Monday, May 24, 2010

I travel by bike

After Saturday's disappointing and painful crit (in which I found myself sliding by way of butt cheek down a steep hill on the rain-slicked streets of Wilmington, DE) I hauled my achin' butt out of bed and back on the bike again at 10am the next morning setting out to ride to our next host house in Somerset, New Jersey. I needed about 6.5 hours of ride time so the 100 miles to get there would actually be a little short, but I'd worry about that if and when we actually made it to the house that was two states over.

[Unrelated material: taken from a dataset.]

(* The Shapley–Shubik index satisfies the weak subadditivity blocker postulate but not the strong one. That is: (a) For every SVG $\mathcal{G}$ on $N$ and every bloc $I\subseteq N$ all of whose members are YES-blockers, or all of whose members are NO-blockers, we have $\widehat{SS}_I\le \sum_{k\in I} SS_k(\mathcal{G})$. (b) There exist an SVG $\mathcal{G}$ and a bloc $I$ containing a YES-blocker with $\widehat{SS}_I> \sum_{k\in I} SS_k(\mathcal{G})$.
   Context: A simple voting game (SVG) is a pair $\mathcal{G}=(N,\mathcal{W})$ with $N$ a nonempty finite set of $n$ players and $\mathcal{W}\subseteq 2^N$ (the winning sets) such that: - $\mathcal{W}$ is monotone: $S\in\mathcal{W}$ and $S\subseteq T$ imply $T\in\mathcal{W}$; - $\emptyset\notin\mathcal{W}$ and $N\in\mathcal{W}$. A division is an ordered pair $(S,N\setminus S)$ with $S\subseteq N$, where $S$ is the set of YES-voters. Player $k$ is YES-decisive in $(S,N\setminus S)$ if $k\in S\in\mathcal{W}$ and $S\setminus\{k\}\notin\mathcal{W}$. The Shapley–Shubik index is $$SS_k=\sum_{S\subseteq N:\ k\text{ YES-decisive in }S}\frac{(|S|-1)!\,(n-|S|)!}{n!}.$$ Equivalently, $SS_k$ is the fraction of orderings of $N$ in which $k$ is pivotal, i.e. is the first player whose addition to its predecessors makes the set winning. Blockers: a player $b$ is a YES-blocker if $b\in S$ for all $S\in\mathcal{W}$, and a NO-blocker if $b\notin S$ for all $S\notin\mathcal{W}$. Bloc game: for a bloc $I\subseteq N$ with a lead member $i\in I$, the bloc game $\hat{\mathcal{G}}$ has player set $(N\setminus I)\cup\{i\}$ and winning sets $$\{S\cup\{i\}: S\subseteq N\setminus I,\ S\cup I\in\mathcal{W}\}\cup\{S: S\subseteq N\setminus I,\ S\in\mathcal{W}\}.$$ $\widehat{SS}_I$ is the index of $i$ in $\hat{\mathcal{G}}$. *)

theory Defs
  imports Complex_Main
begin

A mere 2 hours in I found myself on the outskirts of Philadelphia and damn near cracked. Contributing factors to my mental breakdown:
- The route consisted of something like 127 turns.... I swear it never felt like we were on any road for longer than 0.3 miles.
- We were navigating with David's Garmin and, as is expected with his slightly spastic nature, we'd get into a conversation (i.e. he'd start freely spilling random info into my ear, and I would nod) and would forget to look down at the GPS. I'm gonna estimate that we missed 15 turns. And the GPS takes around 10 minutes to recalculate after each of those mistakes. It felt like we were riding blind most of the time.
- I was 2 flats deep and out of tubes.
- There were at least 3 or 4 holes in the tire with shimmering bits of glass or metal sticking out. And they were laughing at me.
- I don't know if you've ever been in the area, but there's no such thing as a nice, quiet country road between Wilmington and Philly. There are entirely too many people, too much developed land, and too many stop lights. And they're all red. All the time.
- David's response for all of the slow traffic lights and neighborhoods we encountered was to sprint from a stand still after every light. And up every hill. I don't do that.
- For the first two hours it seems like I rode next to David for a total of about 15 minutes. Other than that he was either pedaling 75 watts, messing with the Garmin or doing 500 up some hill. If I had had the slightest clue where I was, I would have ditched him in a heartbeat during that first 2 hours.

Philly took care of all my problems. Directed by 4 swole frat dudes to the nearest bike shop and then escorted there by a friendly Philly bike commuter, I restocked on tubes and replaced my shit rear tire with a new one for a whopping $15. Leaving the shop I still felt a little bummed that we'd only ridden about 2 out of the last 3 hours since we'd left Wilmington. Soon enough we were amongst the action of traffic, sky scrapers, restaurants, and people of downtown Philadelphia, and for some reason I got really excited. Being in an urban setting while I was trying to train would have pissed me off any other day, but I had pretty much already thrown the idea of "training" out the window for the day. Now I was in tourist mode. "I've never been to Philly, I neeeeeed a cheese steak!!!!" After luring David into the idea by offering to pay for his cheese steak, we did it. Got a loaded hoagie from a street vendor, hijacked patio chairs from some fancy shmancy restaurant and started enjoying the day.

Something clicked and my motivation was unbreakable after that. We got into a rhythm and started training for real. We ran every red light for the next 80 miles. It started raining.... who cares. Almost just got hit by that car.... eh, whatever.

We squeezed out 90 minutes of harder than necessary tempo at the end and even rode extra after we got to Somerset because we weren't done with the workout. I didn't ride a second less than 6.5 hours which was a huge success mentally. All year I've lacked the sometimes overly-motivated mentality that brought me success last year. It's almost back, and I desperately need it.

3 comments:

Jim said...

That trip sounds about the way I would expect it to go. Philly, depending on where you are, is damned dangerous. I agree, far too many cars, people, and red lights. OTOH, you are from Atlanta so you should be used to it! We plan on being at Philly for the race so we hope you are there instead of Tulsa. Tell Jason to contact me when he has time.

Anonymous said...

Thanks for sharing Joey! We missed you in Ohio but have been thinking of you during your exciting (to us, if not to you!) travels & races!

Unknown said...

lol i loved that day! Phil just realerted me to this article that I'd been meaning to read forever and actually couldn't really write bc you already wrote it! fyi...you had an unbelievable and motivated training day bc I'm awesome and you should probably rewrite the article about how awesome I am. Seriously, you'd have killed your self without me that day...I miss you Joey whether or not you miss me is apparently another question!